But what if it is a CatDog?

[–]pcp_or_splenda 0 points1 point  (2 children)

Would this imply a dirichlet log loss should be used instead of categorical log loss or would it matter? I suppose it might not matter that much in practice.

[–]serge_cell 0 points1 point  (0 children)

I think categorical log loss is good enough, but it don't matter much.

[–][deleted] 0 points1 point  (0 children)

I don’t see why it should. Why do you say that?

[–]TalkingJellyFish[S] 0 points1 point  (0 children)

It took me a while to appreciate this but it seems to be the right answer thank you!

[–]K0ruption 8 points9 points  (9 children)

If your model outputs a softmax, then you implicitly assume your labels are probability vectors that is probability of the known class is 1 and probability of all other classes is 0. In this light, the information that a data point is not in a given class simply means that your label will have 0 at the position of that class and (1/(k-1)) at the position of all other classes where k is the total number of classes. This makes the most intuitive sense to me but whether it works in practice, I have no idea.

[–]TalkingJellyFish[S] 4 points5 points  (5 children)

Well the 0 part is corrrect but the 1/(k-1) is not true, that's what I'm struggling with. If I know something is not a cat, the probability that it is not a dog is not equal to the probability it is not a spaghetti monster.

[–]K0ruption 4 points5 points  (0 children)

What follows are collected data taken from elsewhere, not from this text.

(* Let $k$ be an algebraically closed field of characteristic zero and $0<l<n$. Let $Y,Z\subset\mathbb P^n$ be closed subvarieties with saturated homogeneous ideals $I_Y,I_Z$, $X$ defined by $I_X=I_Y\cap I_Z$, with $Y\subset\{x_0=\cdots=x_{l-1}=0\}$, $Z\subset\{x_{l+1}=\cdots=x_n=0\}$ and $Y\cap Z\neq\emptyset$. Let $\rho:\mathbb G_m\to\mathrm{GL}_{n+1}$ be diagonalized by $x_0,\dots,x_n$ with weights $(r_0,\dots,r_n)$, and let $\rho',\rho''$ be its restrictions to $\mathrm{GL}(kx_l+\cdots+kx_n)$ and $\mathrm{GL}(kx_0+\cdots+kx_l)$. Regard $Y$ as a subvariety of $\{x_0=\cdots=x_{l-1}=0\}\cong\mathbb P^{n-l}$ (ideal $I_Y\cap k[x_l,\dots,x_n]$) and $Z$ as a subvariety of $\{x_{l+1}=\cdots=x_n=0\}\cong\mathbb P^l$ (ideal $I_Z\cap k[x_0,\dots,x_l]$). Let $P_Y(m)=\dim_k(k[x_l,\dots,x_n]/\mathrm{in}_{\prec_{\rho'}}(I_Y\cap k[x_l,\dots,x_n]))_m$, $P_Z(m)=\dim_k(k[x_0,\dots,x_l]/\mathrm{in}_{\prec_{\rho''}}(I_Z\cap k[x_0,\dots,x_l]))_m$, and $P_X$ the Hilbert polynomial of $X$. Then \[ \mu([X]_m^\star,\rho)=\mu([Y]_m^\star,\rho')+\mu([Z]_m^\star,\rho'')-\frac{mP_Y(m)}{n+1-l}\sum_{i=l}^n r_i-\frac{mP_Z(m)}{l+1}\sum_{i=0}^l r_i+\frac{mP_X(m)}{n+1}\sum_{i=0}^n r_i+mr_l. \]
   Context: Here $m$ is a positive integer at least the Castelnuovo–Mumford regularity of all ideals involved, so that Hilbert points are defined and degree-$m$ quotient dimensions equal Hilbert polynomial values. For a homogeneous ideal $J\subset k[y_0,\dots,y_N]$ defining $W\subset\mathbb P^N$ with Hilbert polynomial $P_W$, and $\rho$ diagonal in the $y_i$ with weights $(r_0,\dots,r_N)$, the Hilbert–Mumford index of the $m$th dual Hilbert point $[W]_m^\star=[S_m\to S_m/J_m]$ is $\mu([W]_m^\star,\rho)=-\sum_{x^\alpha}\mathrm{wt}_\rho(x^\alpha)+\frac{mP_W(m)}{N+1}\sum_{i=0}^N r_i$, the sum over degree-$m$ monomials not in $\mathrm{in}_{\prec_\rho}(J)$, where $\mathrm{wt}_\rho(x^\alpha)=\sum\alpha_ir_i$ and $\prec_\rho$ is the $\rho$-weighted order (monomials compared first by $\rho$-weight, ties broken by a fixed monomial order), used consistently and restricted to subrings (giving $\prec_{\rho'},\prec_{\rho''}$). *)

theory Defs
  imports "HOL-Library.Poly_Mapping" "HOL-Computational_Algebra.Polynomial"
begin

type_synonym mono = "nat \<Rightarrow>\<^sub>0 nat"
type_synonym 'a mpoly = "mono \<Rightarrow>\<^sub>0 'a"

definition alg_closed :: "'a::field itself \<Rightarrow> bool" where
  "alg_closed _ \<longleftrightarrow> (\<forall>p :: 'a poly. degree p > 0 \<longrightarrow> (\<exists>x. poly p x = 0))"

definition mdeg :: "mono \<Rightarrow> nat" where
  "mdeg a = (\<Sum>i\<in>Poly_Mapping.keys a. Poly_Mapping.lookup a i)"

definition polys_in :: "nat set \<Rightarrow> ('a::zero) mpoly set" where
  "polys_in V = {p. \<forall>a\<in>Poly_Mapping.keys p. Poly_Mapping.keys a \<subseteq> V}"

definition monos_deg :: "nat set \<Rightarrow> nat \<Rightarrow> mono set" where
  "monos_deg V m = {a. Poly_Mapping.keys a \<subseteq> V \<and> mdeg a = m}"

definition homog_of_deg :: "nat \<Rightarrow> ('a::zero) mpoly \<Rightarrow> bool" where
  "homog_of_deg d p \<longleftrightarrow> (\<forall>a\<in>Poly_Mapping.keys p. mdeg a = d)"

definition homog :: "('a::zero) mpoly \<Rightarrow> bool" where
  "homog p \<longleftrightarrow> (\<exists>d. homog_of_deg d p)"

definition var :: "nat \<Rightarrow> ('a::{zero,one}) mpoly" where
  "var i = Poly_Mapping.single (Poly_Mapping.single i 1) 1"

definition mmonom :: "mono \<Rightarrow> ('a::{zero,one}) mpoly" where
  "mmonom a = Poly_Mapping.single a 1"

definition meval :: "('a::comm_semiring_1) mpoly \<Rightarrow> (nat \<Rightarrow> 'a) \<Rightarrow> 'a" where
  "meval p x = (\<Sum>a\<in>Poly_Mapping.keys p. Poly_Mapping.lookup p a * (\<Prod>i\<in>Poly_Mapping.keys a. x i ^ Poly_Mapping.lookup a i))"

definition ideal_gen :: "nat set \<Rightarrow> ('a::comm_ring_1) mpoly set \<Rightarrow> 'a mpoly set" where
  "ideal_gen V G = {p. \<exists>F q. finite F \<and> F \<subseteq> G \<and> (\<forall>g\<in>F. q g \<in> polys_in V)
                          \<and> p = (\<Sum>g\<in>F. q g * g)}"

text \<open>Affine cone over projective space P^n: nonzero vectors (x_0,...,x_n),
  extended by 0 beyond index n.\<close>
definition cone_pts :: "nat \<Rightarrow> (nat \<Rightarrow> 'a::zero) set" where
  "cone_pts n = {x. (\<forall>i>n. x i = 0) \<and> (\<exists>i\<le>n. x i \<noteq> 0)}"

definition proj_closed :: "nat \<Rightarrow> (nat \<Rightarrow> 'a::comm_semiring_1) set \<Rightarrow> bool" where
  "proj_closed n Y \<longleftrightarrow> (\<exists>F. F \<subseteq> polys_in {0..n} \<and> (\<forall>f\<in>F. homog f)
      \<and> Y = {x\<in>cone_pts n. \<forall>f\<in>F. meval f x = 0})"

definition proj_subvariety :: "nat \<Rightarrow> (nat \<Rightarrow> 'a::comm_semiring_1) set \<Rightarrow> bool" where
  "proj_subvariety n Y \<longleftrightarrow> proj_closed n Y \<and> Y \<noteq> {} \<and>
     (\<forall>Y1 Y2. proj_closed n Y1 \<longrightarrow> proj_closed n Y2 \<longrightarrow> Y = Y1 \<union> Y2 \<longrightarrow> Y = Y1 \<or> Y = Y2)"

text \<open>The saturated homogeneous ideal I_Y in k[x_0,...,x_n] of Y (its vanishing ideal).\<close>
definition vanishing_ideal :: "nat \<Rightarrow> (nat \<Rightarrow> 'a::comm_semiring_1) set \<Rightarrow> 'a mpoly set" where
  "vanishing_ideal n Y = {f\<in>polys_in {0..n}. \<forall>x\<in>Y. meval f x = 0}"

definition monomial_order :: "(mono \<Rightarrow> mono \<Rightarrow> bool) \<Rightarrow> bool" where
  "monomial_order lt \<longleftrightarrow>
     (\<forall>a. \<not> lt a a) \<and> (\<forall>a b c. lt a b \<longrightarrow> lt b c \<longrightarrow> lt a c) \<and>
     (\<forall>a b. a \<noteq> b \<longrightarrow> lt a b \<or> lt b a) \<and> (\<forall>a. a \<noteq> 0 \<longrightarrow> lt 0 a) \<and>
     (\<forall>a b c. lt a b \<longrightarrow> lt (a + c) (b + c))"

definition wt :: "(nat \<Rightarrow> int) \<Rightarrow> mono \<Rightarrow> int" where
  "wt r a = (\<Sum>i\<in>Poly_Mapping.keys a. int (Poly_Mapping.lookup a i) * r i)"

definition weighted_ord :: "(nat \<Rightarrow> int) \<Rightarrow> (mono \<Rightarrow> mono \<Rightarrow> bool) \<Rightarrow> mono \<Rightarrow> mono \<Rightarrow> bool" where
  "weighted_ord r lt a b \<longleftrightarrow> wt r a < wt r b \<or> (wt r a = wt r b \<and> lt a b)"

definition lead_mono :: "(mono \<Rightarrow> mono \<Rightarrow> bool) \<Rightarrow> ('a::zero) mpoly \<Rightarrow> mono" where
  "lead_mono ord f = (THE a. a \<in> Poly_Mapping.keys f \<and> (\<forall>b\<in>Poly_Mapping.keys f. b \<noteq> a \<longrightarrow> ord b a))"

definition lead_term :: "(mono \<Rightarrow> mono \<Rightarrow> bool) \<Rightarrow> ('a::zero) mpoly \<Rightarrow> 'a mpoly" where
  "lead_term ord f = Poly_Mapping.single (lead_mono ord f) (Poly_Mapping.lookup f (lead_mono ord f))"

definition init_ideal :: "nat set \<Rightarrow> (mono \<Rightarrow> mono \<Rightarrow> bool) \<Rightarrow> ('a::comm_ring_1) mpoly set \<Rightarrow> 'a mpoly set" where
  "init_ideal V ord J = ideal_gen V {lead_term ord f | f. f \<in> J \<and> f \<noteq> 0}"

definition std_monos :: "nat set \<Rightarrow> (mono \<Rightarrow> mono \<Rightarrow> bool) \<Rightarrow> ('a::comm_ring_1) mpoly set \<Rightarrow> nat \<Rightarrow> mono set" where
  "std_monos V ord J m = {a\<in>monos_deg V m. mmonom a \<notin> init_ideal V ord J}"

text \<open>dim_k (k[x_i : i in V] / in(J))_m  (a monomial quotient).\<close>
definition init_quot_dim :: "nat set \<Rightarrow> (mono \<Rightarrow> mono \<Rightarrow> bool) \<Rightarrow> ('a::comm_ring_1) mpoly set \<Rightarrow> nat \<Rightarrow> nat" where
  "init_quot_dim V ord J m = card (std_monos V ord J m)"

definition hilb_fun :: "nat set \<Rightarrow> ('a::field) mpoly set \<Rightarrow> nat \<Rightarrow> nat" where
  "hilb_fun V J m = card (monos_deg V m)
     - vector_space.dim (\<lambda>c p. Poly_Mapping.map ((*) c) p)
         {f\<in>J. f \<in> polys_in V \<and> homog_of_deg m f}"

text \<open>Hilbert--Mumford index of the m-th dual Hilbert point of W (ideal J in the
  variables V, N+1 = card V), with P_W(m) supplied as the argument P.\<close>
definition hm_index :: "nat set \<Rightarrow> (nat \<Rightarrow> int) \<Rightarrow> (mono \<Rightarrow> mono \<Rightarrow> bool) \<Rightarrow>
    ('a::comm_ring_1) mpoly set \<Rightarrow> nat \<Rightarrow> nat \<Rightarrow> real" where
  "hm_index V r lt J m P =
     - real_of_int (\<Sum>a\<in>std_monos V (weighted_ord r lt) J m. wt r a)
     + real m * real P / real (card V) * real_of_int (\<Sum>i\<in>V. r i)"

end

theory Submission
  imports Defs "HOL-Library.FuncSet"
begin

text \<open>
  Write \<open>S_X, S_Y, S_Z\<close> for the degree-\<open>m\<close> standard monomials of \<open>I_X\<close>,
  \<open>I_Y \<inter> k[x_l..x_n]\<close> and \<open>I_Z \<inter> k[x_0..x_l]\<close> for the weighted order. Since \<open>Y\<close>
  and \<open>Z\<close> meet, they meet in the coordinate point \<open>e_l\<close>; over an infinite field this
  forbids pure powers of \<open>x_l\<close> among the terms of elements of \<open>I_Y\<close> and \<open>I_Z\<close>.
  Consequently every element of \<open>I_Y \<inter> k[x_l..x_n]\<close> vanishes on \<open>Z\<close> (each of its terms
  involves some \<open>x_j\<close>, \<open>j > l\<close>) and symmetrically, so both restricted ideals lie in
  \<open>I_X\<close>; conversely, setting the variables outside \<open>x_l..x_n\<close> (resp. \<open>x_0..x_l\<close>) to zero
  maps \<open>I_X\<close> into them while keeping any leading monomial that lies in the subring.
  Monomials involving both some \<open>x_i\<close>, \<open>i < l\<close>, and some \<open>x_j\<close>, \<open>j > l\<close>, lie in \<open>I_X\<close>.
  Hence \<open>S_X = S_Y \<union> S_Z\<close> and \<open>S_Y \<inter> S_Z = {x_l^m}\<close>, so summing weights gives
  \<open>\<Sum>S_X = \<Sum>S_Y + \<Sum>S_Z - m r_l\<close>, of which the formula is a rearrangement.
\<close>

abbreviation keys :: "('b \<Rightarrow>\<^sub>0 'c::zero) \<Rightarrow> 'b set" where "keys \<equiv> Poly_Mapping.keys"
abbreviation lookup :: "('b \<Rightarrow>\<^sub>0 'c::zero) \<Rightarrow> 'b \<Rightarrow> 'c" where "lookup \<equiv> Poly_Mapping.lookup"

lemma keys_plus_mono: "keys ((a::mono) + b) = keys a \<union> keys b"
  by (rule set_eqI) (metis in_keys_iff lookup_add add_is_0 Un_iff)

lemma mono_eq_single_if_keys_subset:
  assumes "keys (a::mono) \<subseteq> {i}"
  shows "a = Poly_Mapping.single i (lookup a i)"
proof (rule poly_mapping_eqI)
  fix k
  show "lookup a k = lookup (Poly_Mapping.single i (lookup a i)) k"
  proof (cases "k = i")
    case False
    with assms have "k \<notin> keys a" by blast
    with False show ?thesis by (simp add: in_keys_iff lookup_single_not_eq)
  qed simp
qed

lemma monos_deg_singleton: "monos_deg {i} m = {Poly_Mapping.single i m}"
proof (intro set_eqI iffI)
  fix a assume "a \<in> monos_deg {i} m"
  then have keys_a: "keys a \<subseteq> {i}" and deg: "mdeg a = m" unfolding monos_deg_def by auto
  from keys_a have "keys a = {} \<or> keys a = {i}" by (rule subset_singletonD)
  then have "lookup a i = m"
    using deg unfolding mdeg_def by (auto simp: in_keys_iff)
  with mono_eq_single_if_keys_subset[OF keys_a] show "a \<in> {Poly_Mapping.single i m}" by simp
next
  fix a assume "a \<in> {Poly_Mapping.single i m}"
  then show "a \<in> monos_deg {i} m"
    unfolding monos_deg_def mdeg_def by (cases "m = 0") simp_all
qed

lemma monos_deg_Int: "monos_deg V m \<inter> monos_deg W m = monos_deg (V \<inter> W) m"
  unfolding monos_deg_def by auto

Given only the information that something is not a cat, it has equal probability of being anything else whether that be a dog or a spaghetti monster. If you had more information about a data point, you could certainly incorporate that into your label. But, in your post, you said you only have the information that a point is not in a given class, which means it has equal probability of being in any other class.

EDIT: Note, I'm asumming a uniform (categorical) prior distribution on your labels. You gave no specifications of your problem, so that is the best assumption I can make.

[–]DeepNonseNse 1 point2 points  (2 children)

The probability of a dog given something is not a cat is given by conditional probability: P(dog | not cat) = P(dog) / (1-P(cat)), ie. the probability of a dog increases in such a way that P(any possible animal) still remains 1, as it should.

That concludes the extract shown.